Übrigens: Koi-Schnaeppchen hat den CompactSieve gerade im Sonderangebot, wie ich gestern per Zufall gesehen habe (Ich glaube für 225€)


----------



## Teichforum.info (9. Juni 2004)

hi zusammen!

also dass es einen überlauf gibt, finde ich auch nicht schlecht - sicher ist sicher. und die lösung um ein überlaufen des drecks zwischen sieb und wand zu verhindern find ich gut - wär garnicht drauf gekommen dass das ein problem sein könnte.

die frage die sich mir jetzt nur stellt ist, worin genau die unterschiede liegen, die die preisdifferenzen erklären und zwar zwischen

-bofitec (ca. 240 euro)
-ultrasieve (ca. 750 euro)
-compactsieve (ca. 240 euro, derzeit aktion: 225 euro)
-fiap (ca. 800 euro)

ich mein bofitec und compactsieve liegen gleichauf, aber das ultrasieve bzw. fiap ist dreimal so teuer!!

im prinzip ist alles das gleiche bzw. die gleiche technologie, also wo genau liegt der horrende unterschied, der den preis rechtfertigen würde????

ciao
firewally


----------



## Teichforum.info (9. Juni 2004)

Die Unterschiede liegen in der Breite der Siebe, die die maximale Durchflussmenge limitieren, und im Gehäuse-Material. Der CompactSieve hat im Vergleich zum Bofitec ein breiteres Sieb mit einer höheren maximalen Durchflussmenge und einen Überlauf.
Ultrasieve und Fiap haben höherwertige Gehäuse (Fiap aus Edelstahl glaube ich) und eine Schwimmersteuerung. Inwieweit dadurch die enormen Preisdifferenzen zu rechtfertigen sind, ist natürlich eine andere Frage.


----------



## Teichforum.info (10. Juni 2004)

hallo majortom,

also das mit der durchflussmenge war mir schon klar, das mit dem edelstahlgehäuse beim fiap wußte ich nicht, erklärt natürlich einiges.
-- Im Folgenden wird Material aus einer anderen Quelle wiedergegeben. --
lemma i_mult_in_complement_imp_one:
  assumes c: "c \<in> carrier P" and \<gamma>: "\<gamma> \<in> complement" and c\<gamma>: "i c \<otimes>\<^bsub>Gam\<^esub> \<gamma> \<in> complement"
  shows "c = \<one>\<^bsub>P\<^esub>"
proof -
  interpret A: group "AutoGroup G0" by (rule AutoGroup)
  have \<gamma>c: "\<gamma> \<in> carrier Gam"
    using \<gamma> by (simp add: complement_def)
  let ?\<pi> = "factor_perm (conj_action \<gamma>)"
  have "c (?\<pi> k) = \<one>" if k: "k \<in> I" for k
  proof -
    have ck: "c (?\<pi> k) \<in> carrier G0"
      using c factor_perm_in[OF conj_action_iso[OF \<gamma>c] k] by (rule P_component_closed)
    have auto: "conj_auto G0 (c (?\<pi> k)) \<in> auto G0" "action_component \<gamma> k \<in> auto G0"
      using ck conj_auto_in_auto action_component_in_auto[OF \<gamma>c k] by auto
    \<comment> \<open>\<open>canonical_aut\<close> is multiplicative, fixes the components of \<open>\<gamma>\<close> and kills inner automorphisms\<close>
    have "canonical_aut (action_component (i c \<otimes>\<^bsub>Gam\<^esub> \<gamma>) k) = action_component (i c \<otimes>\<^bsub>Gam\<^esub> \<gamma>) k"
      using c\<gamma> k by (simp add: complement_def)
    then have "conj_auto G0 (c (?\<pi> k)) \<otimes>\<^bsub>AutoGroup G0\<^esub> action_component \<gamma> k
        = canonical_aut (conj_auto G0 (c (?\<pi> k)) \<otimes>\<^bsub>AutoGroup G0\<^esub> action_component \<gamma> k)"
      by (simp add: action_component_i_mult[OF c \<gamma>c k])
    also have "\<dots> = action_component \<gamma> k"
      using \<gamma> k auto ck
      by (simp add: canonical_aut_mult canonical_aut_conj_auto complement_def carrier_AutoGroup)
    finally have "conj_auto G0 (c (?\<pi> k)) = \<one>\<^bsub>AutoGroup G0\<^esub>"
      using auto by (simp add: carrier_AutoGroup)
    then have "\<And>y. y \<in> carrier G0 \<Longrightarrow> c (?\<pi> k) \<otimes> y = y \<otimes> c (?\<pi> k)"
      by (rule conj_auto_eq_one_imp_central[OF ck])
    then show ?thesis
      by (rule central_eq_one[OF noncomm ck])
  qed
  moreover have "j \<in> ?\<pi> ` I" if "j \<in> I" for j
    using that bij_betw_factor_perm[OF conj_action_iso[OF \<gamma>c]] by (simp add: bij_betw_def)
  ultimately have "c j = \<one>" if "j \<in> I" for j
    using that by blast
  then show ?thesis
    using c by (intro P_eqI) (simp_all add: one_P_apply)
qed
beim bofitec hab ich jetzt nochmal geschaut: überlaufschutz ist gegeben über die oberkante des siebes





steht auch im text.

wie schaut das bei bofitec bzw compactsieve eigentlich mit reinigen aus? gut, man nimmt unten den dreck raus, der sich sammelt - klar! aber wenn mal eine "feinreinigung" nötig ist - nimmt man dann das siebelement raus oder wie geht das???

sorry falls ich "blöde" fragen stelle, aber ich hab so ein ding noch nie in natura gesehen und wüßt auch garnicht wo ich in wien sowas herbekomm...

was würdet ihr mir also raten: bofitec oder compactsieve?

danke & lg
firewally


----------



## Teichforum.info (10. Juni 2004)

Hallo
bei Oase gibt es ein nachrüst screenex kostet 24,95 mit einwenig Handarbeit kann man es selbst bauen


----------



## Teichforum.info (10. Juni 2004)

nachrüstscreenex? für den biotec 10 - das kann i mir net gut vorstellen, aber vielleicht weiß i a net alles  

noch nie davon gehört!


----------



## Teichforum.info (10. Juni 2004)

genau, das Sieb liegt einfach in dem Gehäuse und wird vom Wasser überspült: Sieb nach oben rausnehmen, abspülen und wieder einsetzen.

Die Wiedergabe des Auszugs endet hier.